Fifty years ago, a new chapter in learning began for the West Kootenay-Boundary. With enthusiastic support from residents across the region who desired access to post-secondary education close to home, Selkirk College opened its doors in September, 1966.

Five decades later, British Columbia’s first regional rural college continues its mission to inspire lifelong learning, transform lives through education and training, and serve the communities who backed it from the start.
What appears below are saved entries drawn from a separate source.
(* Let $V$ be a real symmetric positive-definite $N\times N$ matrix and $\alpha>0$. Then: 1) $L_-$ and its orthogonal complement $L_0$ in $\mathbb R^{2N}$ are invariant under $A$; 2) the spectrum of the restriction $A_-$ of $A$ to $L_-$ lies in the open left half-plane, $\|e^{tA_-}\|\to0$ exponentially fast as $t\to\infty$, and $$L_-=\{\psi\in\mathbb R^{2N}: H(e^{tA}\psi)\to0\text{ as }t\to\infty\}.$$
   Context: $\psi=(q,p)\in\mathbb R^{2N}$, $H(\psi)=\frac12\sum_ip_i^2+\frac12\sum_{i,j}V(i,j)q_iq_j$. $A=\begin{pmatrix}0&E\\-V&-\alpha D\end{pmatrix}$, where $E$ is the $N\times N$ identity and $D$ is the diagonal $N\times N$ matrix with $D_{11}=1$ and all other entries $0$ (damping acting on $p_1$ only). $l_V$ is the span of $V^ke_1$, $k\ge0$ ($e_1$ the first standard basis vector of $\mathbb R^N$), and $L_-=\{(q,p):q,p\in l_V\}$. *)

theory Defs
  imports "HOL-Analysis.Analysis"
begin

text \<open>Phase space R^{2N} is rendered as pairs (q,p) of vectors in real^'n
 (the product inner product is the standard one on R^{2N}).
 The distinguished index i0 plays the role of the first coordinate (e_1).\<close>

definition oscA :: "real^'n^'n \<Rightarrow> real \<Rightarrow> 'n \<Rightarrow> ((real^'n) \<times> (real^'n)) \<Rightarrow> ((real^'n) \<times> (real^'n))" where
  "oscA V \<alpha> i0 \<psi> = (snd \<psi>, - (V *v fst \<psi>) - \<alpha> *\<^sub>R (\<chi> i. if i = i0 then snd \<psi> $ i else 0))"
“It’s been an incredible journey to this point,” says Selkirk College President Angus Graeme. “When you think about all the lives and families that have been impacted over the last 50 years because community leaders and forward thinkers in the early 1960s had the vision to make Selkirk College a reality. We are humbled every day to be able to continue this important work for the people of our region and looking forward to celebrating this anniversary with all of the communities we serve.”

The push to establish a regional college in the West Kootenay-Boundary began in 1962 and was rewarded in February, 1965 when 72 per cent of electors in the region voted in favour of establishing a college in a referendum. At the time of the referendum, the regional college incorporated six districts that included Trail, Nelson, Castlegar, Slocan, Grand Forks and Arrow Lakes.

Selkirk College opened its doors in September, 1966 with 458 charter students taking classes in the old bunkhouses at the Celgar Pulp Mill as construction of the Castlegar Campus concluded that first fall. The campus was completed and officially welcomed students in January, 1967.

“Selkirk College has a rich history and that will be an important part of our 50th celebrations,” says Graeme, who began teaching at the college in 1992 and now serves as Selkirk’s eighth president. “But what we have planned goes beyond simply marking a date on the calendar, it’s a time to celebrate what we are today and what we will continue to be into the future.”

The Selkirk College 50th Anniversary Committee has been working for several months on plans that will build excitement for the historical milestone. Starting with the kick-off at the annual Bursary Tea on January 30 at Mary Hall on the Tenth Street Campus in Nelson, there will be several events and projects that take shape over the next 16 months.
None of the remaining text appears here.